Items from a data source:

(* Let $N\ge 1$ be an odd integer and $q,p$ odd, relatively prime integers, and let $H(N,q,p)=\{(R(q\theta),R(p\theta+2\pi i/N)):\theta\in\mathbb{R},\ i\in\{0,\dots,N-1\}\}$. Then there exists $\phi\in L^2(\mathcal P,\lambda,\mathbb{R})$ whose stabilizer $\{k\in\mathrm{SO}(2)\times\mathrm{SO}(2): T'(k)\phi=\phi \text{ in } L^2\}$ equals $H(N,q,p)$. In particular, every infinite potential little group $H(N,q,p)$ (with $N$ odd and $q,p$ odd and relatively prime) is an actual little group of the ultrahyperbolic BMS group.
   Context: $R(\theta)=\begin{pmatrix}\cos\theta & \sin\theta\\ -\sin\theta & \cos\theta\end{pmatrix}$. $\mathcal P=P_1(\mathbb{R})\times P_1(\mathbb{R})$ with $P_1(\mathbb{R})=\mathbb{R}\cup\{\infty\}$; angular coordinates $x=\cot(\rho/2)$, $y=\cot(\sigma/2)$; $\lambda$ is the $\mathrm{SO}(2)\times\mathrm{SO}(2)$-invariant measure $d\rho\,d\sigma$; $L^2(\mathcal P,\lambda,\mathbb{R})$ is the real Hilbert space of square-integrable real functions on $\mathcal P$. For $g=\begin{pmatrix}a&b\\c&d\end{pmatrix}\in\mathrm{SL}(2,\mathbb{R})$: $xg=\frac{xa+c}{xb+d}$, $k_g(x)=\left(\frac{(xb+d)^2+(xa+c)^2}{1+x^2}\right)^{1/2}$, $s_g(x)=\frac{xb+d}{|xb+d|}$, and $(T'(g,h)\phi)(x,y)=k_g^{-3}(x)s_g(x)k_h^{-3}(y)s_h(y)\phi(xg,yh)$. The ultrahyperbolic BMS group is the semidirect product $L^2(\mathcal P,\lambda,\mathbb{R})\rtimes(\mathrm{SL}(2,\mathbb{R})\times\mathrm{SL}(2,\mathbb{R}))$ with dual action $T'$; a little group is the stabilizer of some $\phi$ under $T'$. *)

theory Defs
  imports "HOL-Analysis.Analysis"
begin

The task:
The answer must consist of the lines from the one with "under $T'$. *)" through the final line of the entries above, exactly as they are, and nothing else.

Answer for this exercise:
   Context: $R(\theta)=\begin{pmatrix}\cos\theta & \sin\theta\\ -\sin\theta & \cos\theta\end{pmatrix}$. $\mathcal P=P_1(\mathbb{R})\times P_1(\mathbb{R})$ with $P_1(\mathbb{R})=\mathbb{R}\cup\{\infty\}$; angular coordinates $x=\cot(\rho/2)$, $y=\cot(\sigma/2)$; $\lambda$ is the $\mathrm{SO}(2)\times\mathrm{SO}(2)$-invariant measure $d\rho\,d\sigma$; $L^2(\mathcal P,\lambda,\mathbb{R})$ is the real Hilbert space of square-integrable real functions on $\mathcal P$. For $g=\begin{pmatrix}a&b\\c&d\end{pmatrix}\in\mathrm{SL}(2,\mathbb{R})$: $xg=\frac{xa+c}{xb+d}$, $k_g(x)=\left(\frac{(xb+d)^2+(xa+c)^2}{1+x^2}\right)^{1/2}$, $s_g(x)=\frac{xb+d}{|xb+d|}$, and $(T'(g,h)\phi)(x,y)=k_g^{-3}(x)s_g(x)k_h^{-3}(y)s_h(y)\phi(xg,yh)$. The ultrahyperbolic BMS group is the semidirect product $L^2(\mathcal P,\lambda,\mathbb{R})\rtimes(\mathrm{SL}(2,\mathbb{R})\times\mathrm{SL}(2,\mathbb{R}))$ with dual action $T'$; a little group is the stabilizer of some $\phi$ under $T'$. *)

theory Defs
  imports "HOL-Analysis.Analysis"
begin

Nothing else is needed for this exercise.